__REQUIRED WORK__
The answer is to be an exact copy of the lines below running from the line with "borel_integrable_atLeastAtMost') (intro continuous_intros)" down to the line with "(simp add: power2_eq_square)", both ends included, and nothing more.

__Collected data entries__
------------------------------------------------
lemma riccati_deriv:
  assumes m: "0 \<le> m" and x: "x \<in> {0..T}"
  shows "(riccati m has_real_derivative m * rho x * (riccati m x)\<^sup>2 - 1 / rho x) (at x within {0..T})"
proof -
  have q: "shoot_flux m x \<le> -1" by (rule shoot_flux_le[OF m x])
  have "(riccati m has_real_derivative
          ((shoot_flux m x / rho x) * - shoot_flux m x - shoot_sol m x * - (m * rho x * shoot_sol m x))
          / (- shoot_flux m x * - shoot_flux m x)) (at x within {0..T})"
    unfolding riccati_def[abs_def]
    by (intro DERIV_divide DERIV_minus shoot_sol_deriv shoot_flux_deriv x) (use q in auto)
  moreover have "((shoot_flux m x / rho x) * - shoot_flux m x - shoot_sol m x * - (m * rho x * shoot_sol m x))
          / (- shoot_flux m x * - shoot_flux m x) = m * rho x * (riccati m x)\<^sup>2 - 1 / rho x"
    using q rho_ne_0[OF x] unfolding riccati_def by (simp add: field_simps power2_eq_square)
  ultimately show ?thesis by simp
qed

lemma riccati_at_T: "riccati m T = 0"
  by (simp add: riccati_def shoot_sol_at_T)

lemma riccati_nonneg:
  assumes "0 \<le> m" "x \<in> {0..T}"
  shows "0 \<le> riccati m x"
  unfolding riccati_def
  by (rule divide_nonneg_pos) (use shoot_sol_nonneg[OF assms] shoot_flux_le[OF assms] in auto)

lemma riccati_le_1_iff:
  assumes "0 \<le> m"
  shows "riccati m 0 \<le> 1 \<longleftrightarrow> shoot_flux m 0 + shoot_sol m 0 \<le> 0"
  unfolding riccati_def using shoot_flux_le[OF assms, of 0] T_pos by (subst pos_divide_le_eq) auto

lemma riccati_ge_1_iff:
  assumes "0 \<le> m"
  shows "1 \<le> riccati m 0 \<longleftrightarrow> 0 \<le> shoot_flux m 0 + shoot_sol m 0"
  unfolding riccati_def using shoot_flux_le[OF assms, of 0] T_pos by (subst pos_le_divide_eq) auto

lemma riccati_4_le_1: "riccati 4 0 \<le> 1"
proof -
  have D: "((\<lambda>x. riccati 4 x - 1) has_real_derivative 4 * rho x * (riccati 4 x)\<^sup>2 - 1 / rho x)
      (at x within {0..T})" if "x \<in> {0..T}" for x
    using DERIV_diff[OF riccati_deriv[OF _ that] DERIV_const, of 4 1] by simp
  have "0 < 4 * rho x * (riccati 4 x)\<^sup>2 - 1 / rho x" if x: "x \<in> {0..T}" and "riccati 4 x - 1 = 0" for x
  proof -
    have "1 / rho x \<le> 3/2" using rho_bounds[OF x] by (simp add: divide_simps)
    then show ?thesis using rho_bounds[OF x] \<open>riccati 4 x - 1 = 0\<close> by simp
  qed
  from nonpos_if_deriv_pos_at_zeros[OF D _ this, of 0] show ?thesis
    using T_pos riccati_at_T by simp
qed

lemma riccati_quarter_ge_1:
  assumes T3: "3 \<le> T"
  shows "1 \<le> riccati (1/4) 0"
proof (rule ccontr)
  assume "\<not> 1 \<le> riccati (1/4) 0"
  define r where "r = riccati (1/4)"
  define r' where "r' x = 1/4 * rho x * (r x)\<^sup>2 - 1 / rho x" for x
  have D: "(r has_real_derivative r' x) (at x within {0..T})" if "x \<in> {0..T}" for x
    unfolding r_def r'_def by (rule riccati_deriv) (use that in auto)
  have inv_rho: "3/4 \<le> 1 / rho x" if "x \<in> {0..T}" for x
    using rho_bounds[OF that] by (simp add: divide_simps)
  have le1: "r x - 1 \<le> 0" if x: "x \<in> {0..T}" for x
  proof (rule nonpos_if_deriv_neg_at_zeros[OF _ _ _ x])
    show "((\<lambda>x. r x - 1) has_real_derivative r' x) (at x within {0..T})" if "x \<in> {0..T}" for x
      using DERIV_diff[OF D[OF that] DERIV_const] by simp
    show "r' x < 0" if "x \<in> {0..T}" "r x - 1 = 0" for x
      using rho_bounds[OF that(1)] inv_rho[OF that(1)] that(2) unfolding r'_def by simp
  qed (use \<open>\<not> 1 \<le> riccati (1/4) 0\<close> in \<open>simp add: r_def\<close>)
  have "r' x \<le> -5/12" if x: "x \<in> {0..T}" for x
  proof -
    have "(r x)\<^sup>2 \<le> 1" using riccati_nonneg[of "1/4" x] le1[OF x] x
      by (simp add: r_def power_le_one)
    then have "rho x * (r x)\<^sup>2 \<le> 4/3" using rho_bounds[OF x] mult_mono[of "rho x" "4/3" "(r x)\<^sup>2" 1] by simp
    then show ?thesis using inv_rho[OF x] unfolding r'_def by simp
  qed
  then have "r T - r 0 \<le> -5/12 * (T - 0)" using T_pos by (intro diff_le_if_deriv_le[OF _ D]) auto
  then show False using \<open>\<not> 1 \<le> riccati (1/4) 0\<close> riccati_at_T T3 unfolding r_def by simp
qed

lemma exists_robin_shooting_param:
  assumes "3 \<le> T"
  shows "\<exists>m. 1/4 \<le> m \<and> m \<le> 4 \<and> shoot_flux m 0 + shoot_sol m 0 = 0"
  using IVT2[of "\<lambda>m. shoot_flux m 0 + shoot_sol m 0" 4 0 "1/4"] isCont_robin_mismatch
    riccati_4_le_1 riccati_quarter_ge_1[OF assms] riccati_le_1_iff[of 4] riccati_ge_1_iff[of "1/4"]
  by auto

lemma shoot_sol_form_dom: "form_dom T (shoot_sol m) (\<lambda>x. shoot_flux m x / rho x)"
proof -
  have cont: "continuous_on {0..T} (\<lambda>x. shoot_flux m x / rho x)"
    by (intro continuous_intros shoot_flux_continuous) (use rho_ne_0 in blast)
  have "ac_primitive T (shoot_sol m) (\<lambda>x. shoot_flux m x / rho x)"
    unfolding ac_primitive_def
  proof (intro conjI ballI)
    show "set_integrable lborel {0..T} (\<lambda>x. shoot_flux m x / rho x)"
      by (rule borel_integrable_atLeastAtMost'[OF cont])
    fix x assume x: "x \<in> {0..T}"
    have "(LINT t:{0..x}|lborel. shoot_flux m t / rho t) = shoot_sol m x - shoot_sol m 0"
      by (rule set_integral_FTC[of 0 x "{0..T}"])
         (use x shoot_sol_deriv in \<open>auto intro: continuous_on_subset[OF cont]\<close>)
    then show "shoot_sol m x = shoot_sol m 0 + (LBINT t=0..x. shoot_flux m t / rho t)"
      using x by (simp add: interval_integral_Icc0)
  qed
  moreover have "set_integrable lborel {0..T} (\<lambda>x. (shoot_flux m x / rho x)\<^sup>2)"
    by (rule borel_integrable_atLeastAtMost') (intro continuous_intros cont)
  ultimately show ?thesis using shoot_sol_at_T by (simp add: form_dom_iff)
qed

lemma sol_coeff_0_lower:
  assumes x: "x \<in> {0..T}"
  shows "3/4 * (T - x) \<le> sol_coeff 0 x"
proof -
  have "integral {x..T} (\<lambda>y. 3/4) \<le> integral {x..T} (\<lambda>y. - flux_coeff 0 y / rho y)"
  proof (rule integral_le)
    show "(\<lambda>y. - flux_coeff 0 y / rho y) integrable_on {x..T}"
      by (intro integrable_continuous_interval continuous_intros) (use x rho_ne_0 in auto)
    show "3/4 \<le> - flux_coeff 0 y / rho y" if "y \<in> {x..T}" for y
      using rho_bounds[of y] that x by (simp add: divide_simps)
  qed (rule integrable_const_ivl)
  then show ?thesis using x by (simp add: sol_coeff_def)
qed

lemma shoot_sol_weighted_norm_pos:
  assumes m: "0 \<le> m"
  shows "0 < (LBINT x=0..T. (shoot_sol m x)\<^sup>2 * rho x)"
proof -
  have T0: "0 \<le> T" using T_pos by simp
  have "(LINT x:{0..T}|lborel. 3/8 * (T - x)\<^sup>2) \<le> (LINT x:{0..T}|lborel. (shoot_sol m x)\<^sup>2 * rho x)"
  proof (rule set_integral_mono)
    show "set_integrable lborel {0..T} (\<lambda>x. 3/8 * (T - x)\<^sup>2)"
      by (rule borel_integrable_atLeastAtMost') (intro continuous_intros)
    show "set_integrable lborel {0..T} (\<lambda>x. (shoot_sol m x)\<^sup>2 * rho x)"
      by (rule borel_integrable_atLeastAtMost') (intro continuous_intros shoot_sol_continuous)
    fix x assume x: "x \<in> {0..T}"
    have "3/4 * (T - x) \<le> shoot_sol m x"
      using sol_coeff_0_lower[OF x] sol_coeff_0_le_shoot_sol[OF m x] by linarith
    then have "(3/4 * (T - x))\<^sup>2 \<le> (shoot_sol m x)\<^sup>2" by (rule power_mono) (use x in auto)
    then have "(3/4 * (T - x))\<^sup>2 * (2/3) \<le> (shoot_sol m x)\<^sup>2 * rho x"
      by (rule mult_mono) (use rho_bounds[OF x] in auto)
    moreover have "(3/4 * (T - x))\<^sup>2 * (2/3) = 3/8 * (T - x)\<^sup>2" unfolding power_mult_distrib by (simp add: power2_eq_square)
    ultimately show "3/8 * (T - x)\<^sup>2 \<le> (shoot_sol m x)\<^sup>2 * rho x" by simp
  qed
  moreover have "(LINT x:{0..T}|lborel. 3/8 * (T - x)\<^sup>2) = T^3 / 8"
  proof -
    define P :: "real \<Rightarrow> real" where "P z = - ((T - z)^3) / 8" for z
    have "(LINT x:{0..T}|lborel. 3/8 * (T - x)\<^sup>2) = P T - P 0"
      unfolding P_def by (rule set_integral_FTC[of 0 T UNIV])
         (use T0 in \<open>auto intro!: derivative_eq_intros continuous_intros simp: power2_eq_square\<close>)
    then show ?thesis by (simp add: P_def)
  qed
  ultimately have "T^3 / 8 \<le> (LINT x:{0..T}|lborel. (shoot_sol m x)\<^sup>2 * rho x)" by simp
  moreover have "0 < T^3 / 8" using T_pos by simp
  ultimately show ?thesis unfolding interval_integral_Icc0[OF T0] by linarith
qed

lemma shoot_sol_eigen_equation:
  assumes robin: "shoot_flux m 0 + shoot_sol m 0 = 0" and w: "form_dom T w w'"
  shows "(LBINT x=0..T. shoot_flux m x / rho x * w' x * rho x) - shoot_sol m 0 * w 0
       = - m * (LBINT x=0..T. shoot_sol m x * w x * rho x)"
proof -
  have T0: "0 \<le> T" using T_pos by simp
  have wa: "ac_primitive T w w'" and wT: "w T = 0" using w by (auto simp: form_dom_iff)
  have "(LBINT x=0..T. shoot_flux m x * w' x)
      = shoot_flux m T * w T - shoot_flux m 0 * w 0 - (LBINT x=0..T. m * rho x * shoot_sol m x * w x)"
    by (rule ac_primitive_integration_by_parts[OF T0 shoot_flux_deriv _ wa])
       (auto intro!: continuous_intros shoot_sol_continuous)
  moreover have "(LBINT x=0..T. shoot_flux m x / rho x * w' x * rho x) = (LBINT x=0..T. shoot_flux m x * w' x)"
    unfolding interval_integral_Icc0[OF T0] by (rule set_lebesgue_integral_cong) (use rho_ne_0 in auto)
  moreover have "(LBINT x=0..T. m * rho x * shoot_sol m x * w x) = m * (LBINT x=0..T. shoot_sol m x * w x * rho x)"
    unfolding interval_integral_Icc0[OF T0] set_integral_mult_right[symmetric]
    by (rule set_lebesgue_integral_cong) (auto simp: algebra_simps)
  moreover have "shoot_flux m 0 = - shoot_sol m 0" using robin by simp
  ultimately show ?thesis using wT by (simp add: algebra_simps)
qed

lemma exists_eigenpair_le_neg_quarter:
  assumes "3 \<le> T"
  shows "\<exists>mu v. mu \<le> -1/4 \<and> is_eigenpair B T mu v"
proof -
  obtain m where m: "1/4 \<le> m" "shoot_flux m 0 + shoot_sol m 0 = 0"
    using exists_robin_shooting_param[OF assms] by blast
  have "is_eigenpair B T (-m) (shoot_sol m)"
    unfolding is_eigenpair_def
    using shoot_sol_form_dom shoot_sol_weighted_norm_pos[of m] shoot_sol_eigen_equation[OF m(2)] m(1)
    by (intro exI[of _ "\<lambda>x. shoot_flux m x / rho x"]) force
  then show ?thesis using m(1) by (intro exI[of _ "-m"] exI[of _ "shoot_sol m"]) auto
qed

section \<open>Decay of the ground state\<close>

lemma square_integral_le_weighted:
  fixes f :: "real \<Rightarrow> real"
  assumes f2: "set_integrable lborel {0..T} (\<lambda>x. (f x)\<^sup>2)" and d: "d \<le> T"
  shows "(LINT x:{0..d}|lborel. (f x)\<^sup>2) \<le> 3/2 * (LBINT x=0..T. (f x)\<^sup>2 * rho x)"
proof -
  have "(LINT x:{0..d}|lborel. (f x)\<^sup>2) \<le> (LINT x:{0..T}|lborel. (f x)\<^sup>2)"
    by (rule set_integral_mono_set[OF f2]) (use d in auto)
  also have "\<dots> \<le> (LINT x:{0..T}|lborel. 3/2 * rho x * (f x)\<^sup>2)"
  proof (rule set_integral_mono[OF f2])
    show "set_integrable lborel {0..T} (\<lambda>x. 3/2 * rho x * (f x)\<^sup>2)"
      by (intro set_integrable_continuous_mult continuous_intros f2)
    show "(f x)\<^sup>2 \<le> 3/2 * rho x * (f x)\<^sup>2" if "x \<in> {0..T}" for x
      using mult_right_mono[OF rho_bounds(1)[OF that], of "(f x)\<^sup>2"] by (simp add: algebra_simps)
  qed
  also have "\<dots> = (LINT x:{0..T}|lborel. 3/2 * ((f x)\<^sup>2 * rho x))"
    by (rule set_lebesgue_integral_cong) auto
  also have "\<dots> = 3/2 * (LBINT x=0..T. (f x)\<^sup>2 * rho x)"
    using T_pos by (simp add: interval_integral_Icc0)
  finally show ?thesis .
qed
------------------------------------------------
__WRITTEN ANSWER__
      by (rule borel_integrable_atLeastAtMost') (intro continuous_intros)
    show "set_integrable lborel {0..T} (\<lambda>x. (shoot_sol m x)\<^sup>2 * rho x)"
      by (rule borel_integrable_atLeastAtMost') (intro continuous_intros shoot_sol_continuous)
    fix x assume x: "x \<in> {0..T}"
    have "3/4 * (T - x) \<le> shoot_sol m x"
      using sol_coeff_0_lower[OF x] sol_coeff_0_le_shoot_sol[OF m x] by linarith
    then have "(3/4 * (T - x))\<^sup>2 \<le> (shoot_sol m x)\<^sup>2" by (rule power_mono) (use x in auto)
    then have "(3/4 * (T - x))\<^sup>2 * (2/3) \<le> (shoot_sol m x)\<^sup>2 * rho x"
      by (rule mult_mono) (use rho_bounds[OF x] in auto)
    moreover have "(3/4 * (T - x))\<^sup>2 * (2/3) = 3/8 * (T - x)\<^sup>2" unfolding power_mult_distrib by (simp add: power2_eq_square)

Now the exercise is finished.